CHINA / National

Growth drives emissions higher
By Sun Xiaohua (China Daily)
Updated: 2006-08-15 06:29

Pollutant emissions have increased in the first half of the year, the country's top environmental watchdog warned yesterday.

A power plant on the outskirts of Zhangjiakou. More than 1,500 factories in southern China had been closed down in the past three years due to the pollution and environmental hazards they posed.[AFP/file]
A power plant on the outskirts of Zhangjiakou. More than 1,500 factories in southern China had been closed down in the past three years due to the pollution and environmental hazards they posed.[AFP/file]

Discharges of COD (chemical oxygen demand) and SO2 (sulphur dioxide) increased by 4.2 per cent and 5.8 per cent respectively from the same period last year, said Zhou Shengxian, minister of the State Environmental Protection Administration (SEPA).

The official attributed the rise to rapid economic growth so far this year.

The data, released during a teleconference in Beijing, was based on monitoring of 17 provinces and municipalities. Nationwide statistics will be published after further checks.

In the first half year, investment in fixed assets developed so fast that pollution treatment supervisors were unable to keep pace, Zhou said.

Fixed asset investment expanded by nearly 30 per cent, reaching 4.2 trillion yuan (US$525 billion). About 100,000 projects were launched, including heavy polluters such as mining and auto manufacturing.

"What needs to be focused upon is that some local industries operate seriously counter to environmental requirements," Zhou said.

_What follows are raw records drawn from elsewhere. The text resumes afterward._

locale sentence_measure = prob_space M
  for M :: "('c::countable, 'u) interp measure" +
  fixes ct :: "'c \<Rightarrow> ty" and mu :: "'c tm \<Rightarrow> real"
  assumes space_eq: "space M = Interps ct"
    and sets_eq: "sets M = borel_Interps ct"
    and measure_Mod: "p \<in> Sent ct \<Longrightarrow> measure M (Mod ct p) = mu p"
begin

lemma Mod_in_sets: "p \<in> Sent ct \<Longrightarrow> Mod ct p \<in> sets M"
  unfolding sets_eq borel_Interps_def open_Interps_def
  by (intro sigma_sets.Basic CollectI exI[of _ "{Mod ct p}"]) auto

lemma measure_Mod_eq_App_INT:
  assumes r: "r \<in> closed_terms ct (a \<Rightarrow>\<^sub>T b)" and s: "s \<in> closed_terms ct (a \<Rightarrow>\<^sub>T b)"
  shows "measure M (Interps ct \<inter> (\<Inter>t\<in>closed_terms ct a. Mod ct (eq ct (App r t) (App s t)))) =
    (INF ts \<in> {ts. set ts \<subseteq> closed_terms ct a}. mu (conj_list (map (\<lambda>t. eq ct (App r t) (App s t)) ts)))"
proof -
  have eqs_Sent: "set ts \<subseteq> closed_terms ct a \<Longrightarrow>
      set (map (\<lambda>t. eq ct (App r t) (App s t)) ts) \<subseteq> Sent ct" for ts
    using r s by (auto intro: eq_in_Sent closed_terms_App)
  have "measure M (Interps ct \<inter> (\<Inter>t\<in>closed_terms ct a. Mod ct (eq ct (App r t) (App s t)))) =
      (INF ts \<in> {ts. set ts \<subseteq> closed_terms ct a}.
        measure M (Interps ct \<inter> (\<Inter>t\<in>set ts. Mod ct (eq ct (App r t) (App s t)))))"
    unfolding space_eq[symmetric] using r s
    by (intro measure_INT_eq_INF_finite) (auto intro: Mod_in_sets eq_in_Sent closed_terms_App)
  also have "\<dots> = (INF ts \<in> {ts. set ts \<subseteq> closed_terms ct a}.
      mu (conj_list (map (\<lambda>t. eq ct (App r t) (App s t)) ts)))"
  proof (rule INF_cong[OF refl])
    fix ts assume "ts \<in> {ts. set ts \<subseteq> closed_terms ct a}"
    then have eqs: "set (map (\<lambda>t. eq ct (App r t) (App s t)) ts) \<subseteq> Sent ct"
      using eqs_Sent by simp
    show "measure M (Interps ct \<inter> (\<Inter>t\<in>set ts. Mod ct (eq ct (App r t) (App s t)))) =
        mu (conj_list (map (\<lambda>t. eq ct (App r t) (App s t)) ts))"
      using measure_Mod[OF conj_list_in_Sent[OF eqs]] Mod_conj_list[OF eqs] by (metis set_map image_image)
  qed
  finally show ?thesis .
qed
lemma card_gap3_perms:
  assumes "n \<ge> 1"
  shows "card (gap_perms 3 n) =
    (\<Sum>b\<leftarrow>gap3_blocks. if length b \<le> n then card (gap_perms 3 (n - length b)) else 0)"
proof -
  have "card (gap_perms 3 n) =
      (\<Sum>b\<in>{b \<in> set gap3_blocks. length b \<le> n}. card (direct_sum b ` gap_perms 3 (n - length b)))"
    unfolding gap3_perms_decomposition[OF assms]
  proof (rule card_UN_disjoint)
    show "\<forall>b\<in>{b \<in> set gap3_blocks. length b \<le> n}. \<forall>b'\<in>{b \<in> set gap3_blocks. length b \<le> n}.
      b \<noteq> b' \<longrightarrow>
      direct_sum b ` gap_perms 3 (n - length b) \<inter> direct_sum b' ` gap_perms 3 (n - length b') = {}"
      \<comment> \<open>no block is a prefix of another\<close>
      by (auto simp: direct_sum_def gap3_blocks_def)
  qed (auto simp: finite_gap_perms)
  also have "\<dots> = (\<Sum>b\<in>{b \<in> set gap3_blocks. length b \<le> n}. card (gap_perms 3 (n - length b)))"
    by (intro sum.cong refl card_image inj_on_subset[OF direct_sum_inj]) auto
  also have "\<dots> = (\<Sum>b\<in>set gap3_blocks. if length b \<le> n then card (gap_perms 3 (n - length b)) else 0)"
    by (simp add: sum.inter_filter)
  also have "\<dots> = (\<Sum>b\<leftarrow>gap3_blocks. if length b \<le> n then card (gap_perms 3 (n - length b)) else 0)"
    by (rule sum_list_distinct_conv_sum_set[symmetric]) (simp add: gap3_blocks_def)
  finally show ?thesis .
qed

lemma fps_inverse_of_recurrence:
  fixes a :: "nat \<Rightarrow> nat"
  assumes "a 0 = 1" "a 1 = 1" "a 2 = 2" "a 3 = 6"
    and rec: "\<And>n. n \<ge> 4 \<Longrightarrow> a n = a (n - 1) + a (n - 2) + 3 * a (n - 3) + a (n - 4)"
  shows "Abs_fps (\<lambda>n. of_nat (a n) :: 'a :: field)
    = inverse (1 - fps_X - fps_X ^ 2 - 3 * fps_X ^ 3 - fps_X ^ 4)"
proof -
  define A where "A = Abs_fps (\<lambda>n. of_nat (a n) :: 'a)"
  have "(1 - fps_X - fps_X ^ 2 - 3 * fps_X ^ 3 - fps_X ^ 4) * A
      = A - fps_X ^ 1 * A - fps_X ^ 2 * A - 3 * (fps_X ^ 3 * A) - fps_X ^ 4 * A"
    by (simp add: algebra_simps)
  also have "\<dots> = 1"
  proof (rule fps_ext)
    fix n :: nat
    consider "n = 0" | "n = 1" | "n = 2" | "n = 3" | "n \<ge> 4" by linarith
    then show "fps_nth (A - fps_X ^ 1 * A - fps_X ^ 2 * A - 3 * (fps_X ^ 3 * A) - fps_X ^ 4 * A) n
      = fps_nth 1 n"
    proof cases
      case 5
      then show ?thesis
        using rec[OF 5] by (simp add: fps_X_power_mult_nth A_def numeral_fps_const del: power_one_right)
    qed (use assms in \<open>simp_all add: fps_X_power_mult_nth A_def numeral_fps_const del: power_one_right\<close>)
  qed
  finally show ?thesis
    unfolding A_def by (rule fps_inverse_unique[symmetric])
qed

theorem theorem3p4:
  fixes a :: "nat \<Rightarrow> nat"
  defines "a \<equiv> \<lambda>n. card (avoiders n 4 {(1, 4)})"
  shows "a 0 = 1 \<and> a 1 = 1 \<and> a 2 = 2 \<and> a 3 = 6
    \<and> (\<forall>n\<ge>4. a n = a (n - 1) + a (n - 2) + 3 * a (n - 3) + a (n - 4))
    \<and> Abs_fps (\<lambda>n. of_nat (a n) :: rat)
        = inverse (1 - fps_X - fps_X ^ 2 - 3 * fps_X ^ 3 - fps_X ^ 4)"
proof -
  have a_eq: "a n = card (gap_perms 3 n)" for n
    unfolding a_def using avoiders_first_gt_last[of 4] by simp
  have block_sum: "a n = (\<Sum>b\<leftarrow>gap3_blocks. if length b \<le> n then a (n - length b) else 0)"
    if "n \<ge> 1" for n
    unfolding a_eq using card_gap3_perms[OF that] .
  have "a 0 = 1"
    by (simp add: a_eq gap_perms_0)
  moreover have "a 1 = 1" "a 2 = 2" "a 3 = 6"
    using block_sum[of 1] block_sum[of 2] block_sum[of 3] \<open>a 0 = 1\<close>
    by (simp_all add: gap3_blocks_def)
  moreover have "a n = a (n - 1) + a (n - 2) + 3 * a (n - 3) + a (n - 4)" if "n \<ge> 4" for n
    using block_sum[of n] that by (simp add: gap3_blocks_def numeral_eq_Suc)
  ultimately show ?thesis
    using fps_inverse_of_recurrence[of a] by blast
qed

Ministry figures show that only 30-40 per cent of newly launched projects at county level have passed environmental impact assessment, according to Zhou.

Furthermore, construction of sulphur removal equipment lagged far behind development of high-energy consumption industries.

Of the coal-fired power plants with installed capacity of above 32 million kilowatts built in the past six months, half had no sulphur removal equipment when they started operations, Zhou said, without giving exact figures.

SEPA published environmental standards for construction and management of eco-industrial parks last week. As China's first green standard in this field, the move was expected to push the current development of industrial parks onto an environmentally friendly track. There are currently 18 such parks across the country.

Meanwhile the People's Daily yesterday reported that a new SEPA inspection will target environmental pollution treatment by industrial parks, where factories are concentrated and the possibility of pollution accidents are high.

Raising the green threshold of industrial parks is a step by the country to slow down fixed asset investment, the report said.